Given records:

(* Let $k\ge 3$. Then $\chi_\rho(S^2_{P_k})=3$ if $k=3$, and $\chi_\rho(S^2_{P_k})=4$ if $k\ge 4$.
   Context: $P_k$ is the path with vertex set $[k]=\{0,\dots,k-1\}$ and edges $\{i,i+1\}$, $0\le i\le k-2$. For a graph $G$ with vertex set $[k]$ and $n\ge 1$, the generalized Sierpi\'nski graph $S^n_G$ has vertex set $[k]^n$, and $u=u_1\cdots u_n$, $v=v_1\cdots v_n$ are adjacent iff there is $i$ with: $u_j=v_j$ for $j<i$; $u_i\neq v_i$ and $u_iv_i\in E(G)$; and $u_j=v_i$, $v_j=u_i$ for all $j>i$. A packing $c$-coloring of a graph $X$ is a map $f:V(X)\to\{1,\dots,c\}$ such that any two distinct vertices $u,v$ with $f(u)=f(v)=i$ satisfy $d_X(u,v)>i$; the packing chromatic number $\chi_\rho(X)$ is the least such $c$. *)

theory Defs
  imports "HOL-Library.Extended_Nat"
begin

definition path_graph_adj :: "nat \<Rightarrow> nat \<Rightarrow> bool" where
  "path_graph_adj i j \<longleftrightarrow> j = i + 1 \<or> i = j + 1"

definition path_vertices :: "nat \<Rightarrow> nat set" where
  "path_vertices k = {0..<k}"

(* Generalized Sierpinski graph S^n_G for G on [k] with adjacency E:
   vertex set [k]^n, words as lists of length n (positions 0..n-1). *)
definition sierp_vertices :: "nat \<Rightarrow> nat \<Rightarrow> nat list set" where
  "sierp_vertices k n = {u. length u = n \<and> (\<forall>x\<in>set u. x < k)}"

definition sierp_adj :: "(nat \<Rightarrow> nat \<Rightarrow> bool) \<Rightarrow> nat list \<Rightarrow> nat list \<Rightarrow> bool" where
  "sierp_adj E u v \<longleftrightarrow> length u = length v \<and>
     (\<exists>i < length u. (\<forall>j < i. u ! j = v ! j) \<and> u ! i \<noteq> v ! i \<and> E (u ! i) (v ! i) \<and>
        (\<forall>j. i < j \<and> j < length u \<longrightarrow> u ! j = v ! i \<and> v ! j = u ! i))"

definition is_walk :: "'a set \<Rightarrow> ('a \<Rightarrow> 'a \<Rightarrow> bool) \<Rightarrow> 'a list \<Rightarrow> bool" where
  "is_walk V adj xs \<longleftrightarrow> xs \<noteq> [] \<and> set xs \<subseteq> V \<and>
     (\<forall>i. Suc i < length xs \<longrightarrow> adj (xs ! i) (xs ! Suc i))"

(* graph distance; \<infinity> if no walk exists *)
definition gdist :: "'a set \<Rightarrow> ('a \<Rightarrow> 'a \<Rightarrow> bool) \<Rightarrow> 'a \<Rightarrow> 'a \<Rightarrow> enat" where
  "gdist V adj u v = (INF xs \<in> {xs. is_walk V adj xs \<and> hd xs = u \<and> last xs = v}.
                        enat (length xs - 1))"

definition packing_coloring :: "'a set \<Rightarrow> ('a \<Rightarrow> 'a \<Rightarrow> bool) \<Rightarrow> nat \<Rightarrow> ('a \<Rightarrow> nat) \<Rightarrow> bool" where
  "packing_coloring V adj c f \<longleftrightarrow>
     (\<forall>u\<in>V. f u \<in> {1..c}) \<and>
     (\<forall>u\<in>V. \<forall>v\<in>V. u \<noteq> v \<and> f u = f v \<longrightarrow> gdist V adj u v > enat (f u))"

definition packing_chromatic_number :: "'a set \<Rightarrow> ('a \<Rightarrow> 'a \<Rightarrow> bool) \<Rightarrow> nat" where
  "packing_chromatic_number V adj = (LEAST c. \<exists>f. packing_coloring V adj c f)"

end

theory Submission
  imports Defs
begin

(*
  S^2_{P_k} consists of k copies of P_k, copy a having the vertices ax (x < k), and consecutive
  copies a, a + 1 are joined by the single edge a(a+1) -- (a+1)a.

  Upper bound: colour ax with 1 if x is even, with 4 if x = a is odd, and otherwise with 2 or 3
  according as x = 1 or x = 3 (mod 4). Since every walk between different copies has to use the
  bridges, same-coloured vertices are far enough apart.

  Lower bound: for k = 3 the vertices 00, 01, 10, 11 form a path on four vertices, which has no
  packing 2-colouring. For k >= 4 take a packing 3-colouring. The adjacent vertices 12 and 21 both
  have degree 3, so neither gets colour 1 and they get colours 3 and 2. Walking two steps on from
  the one coloured 2, away from the one coloured 3, the first vertex is forced to colour 1 and the
  second has no colour left.
*)

lemma mod_eq_imp_eq_or_apart:
  fixes x y m :: nat
  assumes "x mod m = y mod m"
  shows "x = y \<or> x + m \<le> y \<or> y + m \<le> x"
proof -
  have x: "x = m * (x div m) + x mod m" and y: "y = m * (y div m) + y mod m" by simp_all
  consider "x div m = y div m" | "x div m + 1 \<le> y div m" | "y div m + 1 \<le> x div m" by linarith
  then show ?thesis
  proof cases
    case 1
    then show ?thesis using x y assms by metis
  next
    case 2
    then have "m * (x div m) + m \<le> m * (y div m)"
      by (metis add_mult_distrib2 mult.right_neutral mult_le_mono2)
    then show ?thesis using x y assms by linarith
  next
    case 3
    then have "m * (y div m) + m \<le> m * (x div m)"
      by (metis add_mult_distrib2 mult.right_neutral mult_le_mono2)
    then show ?thesis using x y assms by linarith
  qed
qed

lemma is_walk_singleton [simp]: "is_walk V adj [x] \<longleftrightarrow> x \<in> V"
  by (auto simp: is_walk_def)

lemma is_walk_Cons_Cons [simp]:
  "is_walk V adj (x # y # xs) \<longleftrightarrow> x \<in> V \<and> adj x y \<and> is_walk V adj (y # xs)"
  by (auto simp: is_walk_def nth_Cons split: nat.splits)

lemma gdist_le_walk:
  assumes "is_walk V adj xs" "hd xs = u" "last xs = v"
  shows "gdist V adj u v \<le> enat (length xs - 1)"
  unfolding gdist_def using assms by (intro INF_lower) auto

lemma walk_potential_le:
  assumes lipschitz: "\<And>v w. v \<in> V \<Longrightarrow> w \<in> V \<Longrightarrow> adj v w \<Longrightarrow> \<phi> w \<le> \<phi> v + (1::int)"
    and "is_walk V adj xs"
  shows "\<phi> (last xs) \<le> \<phi> (hd xs) + int (length xs - 1)"
  using assms(2)
proof (induction xs rule: induct_list012)
  case (3 x y ys)
  then have "\<phi> y \<le> \<phi> x + 1" using lipschitz by (auto simp: is_walk_def)
  with 3 show ?case by simp
qed (simp_all add: is_walk_def)

lemma gdist_ge_potential:
  assumes "\<And>v w. v \<in> V \<Longrightarrow> w \<in> V \<Longrightarrow> adj v w \<Longrightarrow> \<phi> w \<le> \<phi> v + (1::int)"
  shows "enat (nat (\<phi> v - \<phi> u)) \<le> gdist V adj u v"
  unfolding gdist_def
proof (rule INF_greatest)
  fix xs assume "xs \<in> {xs. is_walk V adj xs \<and> hd xs = u \<and> last xs = v}"
  then have "\<phi> v \<le> \<phi> u + int (length xs - 1)"
    using walk_potential_le[OF assms] by auto
  then show "enat (nat (\<phi> v - \<phi> u)) \<le> enat (length xs - 1)" by simp
qed

lemma packing_coloring_range:
  "packing_coloring V adj c f \<Longrightarrow> u \<in> V \<Longrightarrow> 1 \<le> f u \<and> f u \<le> c"
  by (auto simp: packing_coloring_def)

lemma packing_coloring_mono:
  "packing_coloring V adj c f \<Longrightarrow> c \<le> d \<Longrightarrow> packing_coloring V adj d f"
  by (auto simp: packing_coloring_def)

lemma packing_chromatic_number_eqI:
  assumes "packing_coloring V adj m f" and "\<And>g. \<not> packing_coloring V adj (m - 1) g"
  shows "packing_chromatic_number V adj = m"
  unfolding packing_chromatic_number_def
proof (rule Least_equality)
  show "\<exists>f. packing_coloring V adj m f" using assms(1) by blast
next
  fix c assume "\<exists>g. packing_coloring V adj c g"
  then obtain g where g: "packing_coloring V adj c g" by blast
  show "m \<le> c"
  proof (rule ccontr)
    assume "\<not> m \<le> c"
    then have "packing_coloring V adj (m - 1) g" using packing_coloring_mono[OF g] by simp
    with assms(2) show False by blast
  qed
qed

lemma packing_coloring_merge_unused_color:
  assumes f: "packing_coloring V adj (Suc c) f" and unused: "\<And>u. u \<in> V \<Longrightarrow> f u \<noteq> c"
    and "0 < c"
  shows "packing_coloring V adj c (\<lambda>u. min c (f u))"
  unfolding packing_coloring_def
proof (intro conjI ballI impI)
  fix u assume "u \<in> V"
  then show "min c (f u) \<in> {1..c}" using packing_coloring_range[OF f] \<open>0 < c\<close> by fastforce
next
  fix u v assume uv: "u \<in> V" "v \<in> V" "u \<noteq> v \<and> min c (f u) = min c (f v)"
  have "f u \<le> Suc c" "f v \<le> Suc c" "f u \<noteq> c" "f v \<noteq> c"
    using uv unused packing_coloring_range[OF f] by auto
  with uv have "f u = f v" by (simp add: min_def split: if_splits)
  have "enat (min c (f u)) \<le> enat (f u)" by simp
  also have "\<dots> < gdist V adj u v" using f uv \<open>f u = f v\<close> by (auto simp: packing_coloring_def)
  finally show "enat (min c (f u)) < gdist V adj u v" .
qed

lemma packing_coloring_walk:
  assumes "packing_coloring V adj c f" "is_walk V adj xs" "hd xs \<noteq> last xs"
    "f (hd xs) = f (last xs)"
  shows "f (hd xs) < length xs - 1"
proof -
  have "hd xs \<in> V" "last xs \<in> V" using assms(2) by (auto simp: is_walk_def)
  then have "enat (f (hd xs)) < gdist V adj (hd xs) (last xs)"
    using assms(1,3,4) by (auto simp: packing_coloring_def)
  also have "\<dots> \<le> enat (length xs - 1)" using gdist_le_walk[OF assms(2)] by simp
  finally show ?thesis by simp
qed

lemma packing_coloring_adj_neq:
  assumes f: "packing_coloring V adj c f" and "u \<in> V" "v \<in> V" "adj u v" "u \<noteq> v"
  shows "f u \<noteq> f v"
  using packing_coloring_walk[OF f, of "[u, v]"] packing_coloring_range[OF f] assms(2-5)
  by fastforce

lemma path4_not_packing_2_colorable:
  assumes f: "packing_coloring V adj 2 f"
    and walk: "is_walk V adj [x0, x1, x2, x3]" and "distinct [x0, x1, x2, x3]"
  shows False
proof -
  note close = packing_coloring_walk[OF f]
  have range: "1 \<le> f x \<and> f x \<le> 2" if "x \<in> {x0, x1, x2, x3}" for x
    using packing_coloring_range[OF f] walk that by auto
  have "f x0 \<noteq> f x1" "f x1 \<noteq> f x2" "f x2 \<noteq> f x3"
    "f x0 = f x2 \<longrightarrow> f x0 < 2" "f x1 = f x3 \<longrightarrow> f x1 < 2"
    using close[of "[x0, x1]"] close[of "[x1, x2]"] close[of "[x2, x3]"]
      close[of "[x0, x1, x2]"] close[of "[x1, x2, x3]"]
      range[of x0] range[of x1] range[of x2] walk assms(3) by auto
  with range[of x0] range[of x1] range[of x2] range[of x3] show False by (simp; linarith)
qed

Problem details:
In the entries above, find every line with the word "from" and list it.

Exercise answer:
  have degree 3, so neither gets colour 1 and they get colours 3 and 2. Walking two steps on from
  the one coloured 2, away from the one coloured 3, the first vertex is forced to colour 1 and the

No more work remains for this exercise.